▶ Your goal
Out of the material that follows, write out exactly the lines from the line with "m = 1 \<and>" to the line with "G \<in> Gcal", both ends included, and no others.

▶ Entries provided
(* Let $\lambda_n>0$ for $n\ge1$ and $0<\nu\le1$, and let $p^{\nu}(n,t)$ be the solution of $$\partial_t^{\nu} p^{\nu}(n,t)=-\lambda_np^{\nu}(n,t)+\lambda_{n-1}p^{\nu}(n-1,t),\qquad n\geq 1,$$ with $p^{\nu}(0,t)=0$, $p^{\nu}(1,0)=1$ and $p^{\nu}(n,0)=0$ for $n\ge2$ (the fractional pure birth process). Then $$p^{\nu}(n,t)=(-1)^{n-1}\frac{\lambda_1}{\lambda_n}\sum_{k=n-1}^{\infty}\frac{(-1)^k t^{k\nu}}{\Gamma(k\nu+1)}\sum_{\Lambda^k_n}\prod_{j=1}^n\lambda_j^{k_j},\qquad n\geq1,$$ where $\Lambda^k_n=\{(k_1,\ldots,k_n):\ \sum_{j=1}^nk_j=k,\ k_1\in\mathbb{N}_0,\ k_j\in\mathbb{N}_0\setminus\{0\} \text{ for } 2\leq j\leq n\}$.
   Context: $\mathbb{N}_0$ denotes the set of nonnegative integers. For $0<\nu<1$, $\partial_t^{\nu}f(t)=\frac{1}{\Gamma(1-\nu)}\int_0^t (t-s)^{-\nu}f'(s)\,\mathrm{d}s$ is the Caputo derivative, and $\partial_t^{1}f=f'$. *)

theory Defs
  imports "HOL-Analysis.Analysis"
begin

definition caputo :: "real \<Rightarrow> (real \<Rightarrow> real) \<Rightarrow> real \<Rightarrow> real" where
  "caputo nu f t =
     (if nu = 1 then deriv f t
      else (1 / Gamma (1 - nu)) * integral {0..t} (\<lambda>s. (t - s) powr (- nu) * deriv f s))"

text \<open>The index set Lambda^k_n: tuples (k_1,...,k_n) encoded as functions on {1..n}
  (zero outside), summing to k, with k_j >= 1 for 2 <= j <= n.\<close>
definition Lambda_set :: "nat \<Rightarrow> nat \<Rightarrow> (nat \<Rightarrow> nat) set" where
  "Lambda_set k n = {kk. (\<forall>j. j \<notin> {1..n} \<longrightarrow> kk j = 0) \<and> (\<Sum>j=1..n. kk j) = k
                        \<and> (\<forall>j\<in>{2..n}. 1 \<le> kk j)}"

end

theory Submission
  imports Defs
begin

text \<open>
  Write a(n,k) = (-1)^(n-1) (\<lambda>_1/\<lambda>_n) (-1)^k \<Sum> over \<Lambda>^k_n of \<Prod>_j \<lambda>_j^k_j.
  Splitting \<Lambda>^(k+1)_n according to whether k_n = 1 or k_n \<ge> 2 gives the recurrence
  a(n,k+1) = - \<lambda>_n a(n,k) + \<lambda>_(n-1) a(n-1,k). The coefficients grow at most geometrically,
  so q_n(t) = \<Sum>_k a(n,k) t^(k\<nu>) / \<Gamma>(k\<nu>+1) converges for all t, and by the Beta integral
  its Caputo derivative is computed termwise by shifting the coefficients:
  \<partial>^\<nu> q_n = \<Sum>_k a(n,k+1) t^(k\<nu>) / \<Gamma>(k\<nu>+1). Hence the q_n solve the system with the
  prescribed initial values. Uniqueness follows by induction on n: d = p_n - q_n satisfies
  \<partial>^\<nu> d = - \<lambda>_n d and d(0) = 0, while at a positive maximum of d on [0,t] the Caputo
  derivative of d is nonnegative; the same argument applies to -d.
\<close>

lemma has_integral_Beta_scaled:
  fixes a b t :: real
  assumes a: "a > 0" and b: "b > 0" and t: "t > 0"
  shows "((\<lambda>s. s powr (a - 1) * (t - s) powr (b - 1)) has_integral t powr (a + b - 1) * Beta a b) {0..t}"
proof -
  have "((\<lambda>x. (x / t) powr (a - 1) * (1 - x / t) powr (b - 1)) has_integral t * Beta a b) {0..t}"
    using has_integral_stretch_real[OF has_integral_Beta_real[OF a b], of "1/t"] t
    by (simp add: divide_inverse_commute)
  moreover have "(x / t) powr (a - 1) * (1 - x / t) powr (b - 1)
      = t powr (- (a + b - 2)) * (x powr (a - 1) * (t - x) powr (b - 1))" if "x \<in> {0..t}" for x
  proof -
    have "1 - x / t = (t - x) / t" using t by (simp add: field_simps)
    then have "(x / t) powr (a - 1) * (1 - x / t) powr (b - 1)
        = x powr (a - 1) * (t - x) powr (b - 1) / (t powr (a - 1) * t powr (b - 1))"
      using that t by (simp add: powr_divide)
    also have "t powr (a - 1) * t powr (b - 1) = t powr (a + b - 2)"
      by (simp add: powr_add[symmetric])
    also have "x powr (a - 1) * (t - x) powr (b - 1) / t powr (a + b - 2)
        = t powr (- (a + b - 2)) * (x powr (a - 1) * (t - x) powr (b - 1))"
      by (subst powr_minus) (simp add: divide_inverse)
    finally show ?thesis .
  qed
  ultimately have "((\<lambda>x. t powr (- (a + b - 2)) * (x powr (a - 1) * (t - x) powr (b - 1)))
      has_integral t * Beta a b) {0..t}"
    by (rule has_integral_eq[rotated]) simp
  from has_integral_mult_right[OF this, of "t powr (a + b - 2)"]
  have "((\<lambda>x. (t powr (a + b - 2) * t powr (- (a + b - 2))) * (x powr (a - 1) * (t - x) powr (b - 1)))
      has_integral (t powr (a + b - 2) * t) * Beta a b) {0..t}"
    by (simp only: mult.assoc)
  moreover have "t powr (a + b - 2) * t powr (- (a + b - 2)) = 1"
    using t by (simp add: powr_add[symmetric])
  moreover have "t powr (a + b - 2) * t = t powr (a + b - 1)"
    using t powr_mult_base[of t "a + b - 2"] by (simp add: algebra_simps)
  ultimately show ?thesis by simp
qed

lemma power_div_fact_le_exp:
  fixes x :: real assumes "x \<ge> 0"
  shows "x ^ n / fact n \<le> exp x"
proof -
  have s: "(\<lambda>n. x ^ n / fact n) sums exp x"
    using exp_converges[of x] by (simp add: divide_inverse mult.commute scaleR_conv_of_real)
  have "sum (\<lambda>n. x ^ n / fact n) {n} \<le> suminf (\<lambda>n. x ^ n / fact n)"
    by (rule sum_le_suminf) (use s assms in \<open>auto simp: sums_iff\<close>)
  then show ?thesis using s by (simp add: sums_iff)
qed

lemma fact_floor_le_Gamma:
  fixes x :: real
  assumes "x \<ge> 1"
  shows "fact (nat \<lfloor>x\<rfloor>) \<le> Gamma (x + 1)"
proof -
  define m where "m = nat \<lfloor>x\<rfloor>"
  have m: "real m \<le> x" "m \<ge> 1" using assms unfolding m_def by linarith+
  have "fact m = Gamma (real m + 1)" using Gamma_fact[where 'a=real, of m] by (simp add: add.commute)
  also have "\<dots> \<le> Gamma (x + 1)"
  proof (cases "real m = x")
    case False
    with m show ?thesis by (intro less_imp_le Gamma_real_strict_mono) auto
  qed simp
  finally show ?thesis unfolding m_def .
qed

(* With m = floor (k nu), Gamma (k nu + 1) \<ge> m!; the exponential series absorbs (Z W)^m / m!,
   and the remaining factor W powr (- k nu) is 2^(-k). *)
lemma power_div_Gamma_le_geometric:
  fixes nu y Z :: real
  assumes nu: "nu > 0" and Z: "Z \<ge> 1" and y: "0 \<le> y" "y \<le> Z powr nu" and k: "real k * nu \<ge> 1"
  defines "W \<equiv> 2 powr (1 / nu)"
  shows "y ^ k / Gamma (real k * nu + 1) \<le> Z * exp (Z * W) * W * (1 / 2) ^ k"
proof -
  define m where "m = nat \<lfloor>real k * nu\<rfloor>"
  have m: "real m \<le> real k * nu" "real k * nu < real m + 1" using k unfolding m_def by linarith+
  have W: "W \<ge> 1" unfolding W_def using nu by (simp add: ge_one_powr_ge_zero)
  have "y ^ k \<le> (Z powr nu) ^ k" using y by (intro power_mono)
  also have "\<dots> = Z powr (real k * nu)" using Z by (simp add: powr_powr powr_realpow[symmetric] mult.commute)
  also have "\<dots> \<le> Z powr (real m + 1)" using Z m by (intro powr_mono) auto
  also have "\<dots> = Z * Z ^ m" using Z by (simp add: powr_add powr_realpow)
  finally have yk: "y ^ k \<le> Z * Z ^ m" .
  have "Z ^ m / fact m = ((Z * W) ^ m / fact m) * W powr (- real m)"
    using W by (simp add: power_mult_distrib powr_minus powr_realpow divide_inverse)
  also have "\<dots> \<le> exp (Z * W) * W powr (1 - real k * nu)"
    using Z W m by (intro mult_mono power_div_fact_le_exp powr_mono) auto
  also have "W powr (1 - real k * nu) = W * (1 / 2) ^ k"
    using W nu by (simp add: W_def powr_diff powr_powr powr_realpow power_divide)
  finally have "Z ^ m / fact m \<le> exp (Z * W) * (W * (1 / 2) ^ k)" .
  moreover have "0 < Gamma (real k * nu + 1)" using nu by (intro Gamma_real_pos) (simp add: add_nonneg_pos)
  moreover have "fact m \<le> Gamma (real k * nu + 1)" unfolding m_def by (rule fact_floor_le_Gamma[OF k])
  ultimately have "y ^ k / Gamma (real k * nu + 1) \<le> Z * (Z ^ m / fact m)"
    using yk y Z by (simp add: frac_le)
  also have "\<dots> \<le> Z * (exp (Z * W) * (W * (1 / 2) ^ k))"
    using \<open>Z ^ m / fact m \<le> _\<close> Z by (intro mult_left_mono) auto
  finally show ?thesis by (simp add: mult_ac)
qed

---

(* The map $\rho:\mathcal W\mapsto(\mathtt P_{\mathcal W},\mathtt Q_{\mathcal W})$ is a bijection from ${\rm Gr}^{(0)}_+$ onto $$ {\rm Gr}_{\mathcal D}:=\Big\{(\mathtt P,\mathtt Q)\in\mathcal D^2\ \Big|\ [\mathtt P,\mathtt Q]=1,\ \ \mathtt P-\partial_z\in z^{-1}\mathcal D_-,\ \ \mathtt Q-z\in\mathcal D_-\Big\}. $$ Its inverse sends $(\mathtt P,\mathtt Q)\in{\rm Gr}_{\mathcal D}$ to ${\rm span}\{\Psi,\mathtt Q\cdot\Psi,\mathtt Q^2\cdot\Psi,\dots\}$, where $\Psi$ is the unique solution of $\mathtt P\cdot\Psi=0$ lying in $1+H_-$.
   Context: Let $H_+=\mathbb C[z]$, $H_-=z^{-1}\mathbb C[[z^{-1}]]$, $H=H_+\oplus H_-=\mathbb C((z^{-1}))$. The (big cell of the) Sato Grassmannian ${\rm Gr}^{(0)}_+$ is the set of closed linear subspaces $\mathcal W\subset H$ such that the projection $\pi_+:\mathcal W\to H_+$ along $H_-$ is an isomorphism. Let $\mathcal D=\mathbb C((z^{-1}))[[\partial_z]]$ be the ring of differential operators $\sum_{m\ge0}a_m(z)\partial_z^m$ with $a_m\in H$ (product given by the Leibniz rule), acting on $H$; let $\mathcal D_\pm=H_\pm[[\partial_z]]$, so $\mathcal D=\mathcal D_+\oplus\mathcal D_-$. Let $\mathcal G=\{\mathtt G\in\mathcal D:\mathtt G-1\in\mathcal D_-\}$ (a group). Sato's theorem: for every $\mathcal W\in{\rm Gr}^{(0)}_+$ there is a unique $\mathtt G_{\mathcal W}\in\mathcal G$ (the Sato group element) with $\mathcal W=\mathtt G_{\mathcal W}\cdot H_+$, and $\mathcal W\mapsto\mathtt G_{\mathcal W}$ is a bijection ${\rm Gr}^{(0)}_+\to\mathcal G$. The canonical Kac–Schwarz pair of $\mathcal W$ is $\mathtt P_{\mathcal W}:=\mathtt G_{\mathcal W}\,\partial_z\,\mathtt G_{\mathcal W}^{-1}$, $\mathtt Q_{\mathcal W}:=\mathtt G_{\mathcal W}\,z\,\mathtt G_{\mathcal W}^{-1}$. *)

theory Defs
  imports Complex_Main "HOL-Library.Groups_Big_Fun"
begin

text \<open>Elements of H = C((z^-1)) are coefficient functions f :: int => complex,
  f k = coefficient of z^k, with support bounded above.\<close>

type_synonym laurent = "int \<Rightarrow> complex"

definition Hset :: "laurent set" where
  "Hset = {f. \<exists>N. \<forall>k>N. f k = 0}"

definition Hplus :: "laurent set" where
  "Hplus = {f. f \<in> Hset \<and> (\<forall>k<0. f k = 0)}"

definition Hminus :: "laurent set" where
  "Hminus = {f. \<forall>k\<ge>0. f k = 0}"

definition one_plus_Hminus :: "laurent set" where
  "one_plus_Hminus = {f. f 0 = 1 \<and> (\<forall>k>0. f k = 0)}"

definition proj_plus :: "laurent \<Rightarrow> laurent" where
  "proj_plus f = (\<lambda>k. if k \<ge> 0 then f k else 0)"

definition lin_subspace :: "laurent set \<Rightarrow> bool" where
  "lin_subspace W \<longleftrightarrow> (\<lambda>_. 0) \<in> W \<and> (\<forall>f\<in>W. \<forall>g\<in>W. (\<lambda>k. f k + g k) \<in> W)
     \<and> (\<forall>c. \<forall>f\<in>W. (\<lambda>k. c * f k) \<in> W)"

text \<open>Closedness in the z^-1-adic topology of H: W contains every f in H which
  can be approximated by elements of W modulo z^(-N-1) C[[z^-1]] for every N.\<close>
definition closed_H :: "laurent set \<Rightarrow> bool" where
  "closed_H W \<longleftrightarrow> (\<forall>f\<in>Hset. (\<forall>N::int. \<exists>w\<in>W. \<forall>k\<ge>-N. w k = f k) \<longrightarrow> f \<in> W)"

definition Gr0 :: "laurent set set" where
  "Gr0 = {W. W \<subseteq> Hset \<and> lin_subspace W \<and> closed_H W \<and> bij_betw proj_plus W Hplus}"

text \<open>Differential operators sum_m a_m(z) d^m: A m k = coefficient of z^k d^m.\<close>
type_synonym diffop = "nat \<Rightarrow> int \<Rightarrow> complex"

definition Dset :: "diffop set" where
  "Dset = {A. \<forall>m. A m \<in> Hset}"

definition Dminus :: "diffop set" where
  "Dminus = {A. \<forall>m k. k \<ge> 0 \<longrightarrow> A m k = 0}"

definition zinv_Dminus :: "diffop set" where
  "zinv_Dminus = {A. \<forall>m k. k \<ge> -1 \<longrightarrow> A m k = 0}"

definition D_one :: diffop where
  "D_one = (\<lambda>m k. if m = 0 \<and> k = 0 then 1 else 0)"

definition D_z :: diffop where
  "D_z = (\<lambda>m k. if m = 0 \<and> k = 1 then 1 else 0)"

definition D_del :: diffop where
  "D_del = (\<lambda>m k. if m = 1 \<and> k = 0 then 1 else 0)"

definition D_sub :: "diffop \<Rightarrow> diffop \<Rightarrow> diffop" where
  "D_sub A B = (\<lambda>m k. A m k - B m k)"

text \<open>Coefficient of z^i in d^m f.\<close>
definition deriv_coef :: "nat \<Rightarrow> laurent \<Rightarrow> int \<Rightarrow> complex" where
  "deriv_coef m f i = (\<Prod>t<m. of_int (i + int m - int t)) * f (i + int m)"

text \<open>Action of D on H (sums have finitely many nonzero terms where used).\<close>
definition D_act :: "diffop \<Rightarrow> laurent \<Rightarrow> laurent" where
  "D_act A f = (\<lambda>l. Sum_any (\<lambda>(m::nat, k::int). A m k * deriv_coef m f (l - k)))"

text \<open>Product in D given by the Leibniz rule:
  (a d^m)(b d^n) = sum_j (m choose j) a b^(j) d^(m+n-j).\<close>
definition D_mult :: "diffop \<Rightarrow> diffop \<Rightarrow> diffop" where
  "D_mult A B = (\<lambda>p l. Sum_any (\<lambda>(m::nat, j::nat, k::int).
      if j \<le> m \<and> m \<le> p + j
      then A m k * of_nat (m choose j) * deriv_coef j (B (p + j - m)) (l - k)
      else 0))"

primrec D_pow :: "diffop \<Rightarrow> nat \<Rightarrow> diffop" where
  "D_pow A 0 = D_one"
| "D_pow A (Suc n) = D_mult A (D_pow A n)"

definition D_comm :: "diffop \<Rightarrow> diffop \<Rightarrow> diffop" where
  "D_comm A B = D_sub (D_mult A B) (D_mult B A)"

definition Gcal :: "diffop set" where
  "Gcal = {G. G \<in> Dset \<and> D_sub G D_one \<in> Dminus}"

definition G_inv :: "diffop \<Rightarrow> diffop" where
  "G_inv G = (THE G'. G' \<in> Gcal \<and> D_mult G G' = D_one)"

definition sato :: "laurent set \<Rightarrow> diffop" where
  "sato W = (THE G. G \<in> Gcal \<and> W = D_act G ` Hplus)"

==

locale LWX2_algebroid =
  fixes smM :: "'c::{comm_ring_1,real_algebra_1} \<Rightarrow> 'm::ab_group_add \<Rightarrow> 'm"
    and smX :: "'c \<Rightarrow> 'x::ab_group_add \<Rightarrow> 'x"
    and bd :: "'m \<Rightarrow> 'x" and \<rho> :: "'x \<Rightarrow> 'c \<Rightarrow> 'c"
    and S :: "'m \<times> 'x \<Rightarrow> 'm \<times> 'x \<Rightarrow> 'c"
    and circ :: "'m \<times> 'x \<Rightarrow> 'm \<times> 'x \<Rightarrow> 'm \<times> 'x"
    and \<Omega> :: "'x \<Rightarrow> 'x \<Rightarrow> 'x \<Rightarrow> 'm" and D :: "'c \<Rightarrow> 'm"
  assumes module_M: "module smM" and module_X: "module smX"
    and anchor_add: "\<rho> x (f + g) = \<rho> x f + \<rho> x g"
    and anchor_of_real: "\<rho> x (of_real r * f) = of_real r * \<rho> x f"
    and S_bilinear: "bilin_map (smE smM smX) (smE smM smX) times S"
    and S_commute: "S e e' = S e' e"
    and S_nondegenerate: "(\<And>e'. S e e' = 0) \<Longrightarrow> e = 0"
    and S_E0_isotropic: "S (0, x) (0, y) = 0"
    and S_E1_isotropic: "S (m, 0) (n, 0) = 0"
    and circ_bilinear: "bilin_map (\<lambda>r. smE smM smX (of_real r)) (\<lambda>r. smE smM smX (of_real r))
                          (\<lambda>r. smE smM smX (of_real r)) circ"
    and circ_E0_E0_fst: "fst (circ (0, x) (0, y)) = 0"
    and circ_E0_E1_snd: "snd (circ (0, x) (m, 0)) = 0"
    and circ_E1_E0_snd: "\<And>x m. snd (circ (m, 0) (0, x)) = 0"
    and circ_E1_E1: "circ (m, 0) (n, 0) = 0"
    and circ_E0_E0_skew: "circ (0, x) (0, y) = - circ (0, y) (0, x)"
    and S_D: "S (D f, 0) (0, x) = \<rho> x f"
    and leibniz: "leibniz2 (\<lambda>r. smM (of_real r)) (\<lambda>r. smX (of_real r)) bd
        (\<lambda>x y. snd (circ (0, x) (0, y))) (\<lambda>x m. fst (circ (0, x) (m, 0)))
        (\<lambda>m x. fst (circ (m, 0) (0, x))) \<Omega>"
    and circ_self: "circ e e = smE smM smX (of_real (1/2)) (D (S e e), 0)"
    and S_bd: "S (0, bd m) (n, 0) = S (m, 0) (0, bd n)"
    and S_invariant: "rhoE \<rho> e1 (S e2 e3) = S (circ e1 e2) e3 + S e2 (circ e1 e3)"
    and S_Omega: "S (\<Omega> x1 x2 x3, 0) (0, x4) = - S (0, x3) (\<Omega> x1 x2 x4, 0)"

▶ Result
  "D_del = (\<lambda>m k. if m = 1 \<and> k = 0 then 1 else 0)"

definition D_sub :: "diffop \<Rightarrow> diffop \<Rightarrow> diffop" where
  "D_sub A B = (\<lambda>m k. A m k - B m k)"

text \<open>Coefficient of z^i in d^m f.\<close>
definition deriv_coef :: "nat \<Rightarrow> laurent \<Rightarrow> int \<Rightarrow> complex" where
  "deriv_coef m f i = (\<Prod>t<m. of_int (i + int m - int t)) * f (i + int m)"

text \<open>Action of D on H (sums have finitely many nonzero terms where used).\<close>
definition D_act :: "diffop \<Rightarrow> laurent \<Rightarrow> laurent" where
  "D_act A f = (\<lambda>l. Sum_any (\<lambda>(m::nat, k::int). A m k * deriv_coef m f (l - k)))"

text \<open>Product in D given by the Leibniz rule:
  (a d^m)(b d^n) = sum_j (m choose j) a b^(j) d^(m+n-j).\<close>
definition D_mult :: "diffop \<Rightarrow> diffop \<Rightarrow> diffop" where
  "D_mult A B = (\<lambda>p l. Sum_any (\<lambda>(m::nat, j::nat, k::int).
      if j \<le> m \<and> m \<le> p + j
      then A m k * of_nat (m choose j) * deriv_coef j (B (p + j - m)) (l - k)
      else 0))"

primrec D_pow :: "diffop \<Rightarrow> nat \<Rightarrow> diffop" where
  "D_pow A 0 = D_one"
| "D_pow A (Suc n) = D_mult A (D_pow A n)"

definition D_comm :: "diffop \<Rightarrow> diffop \<Rightarrow> diffop" where
  "D_comm A B = D_sub (D_mult A B) (D_mult B A)"

definition Gcal :: "diffop set" where
  "Gcal = {G. G \<in> Dset \<and> D_sub G D_one \<in> Dminus}"

definition G_inv :: "diffop \<Rightarrow> diffop" where
  "G_inv G = (THE G'. G' \<in> Gcal \<and> D_mult G G' = D_one)"

definition sato :: "laurent set \<Rightarrow> diffop" where
  "sato W = (THE G. G \<in> Gcal \<and> W = D_act G ` Hplus)"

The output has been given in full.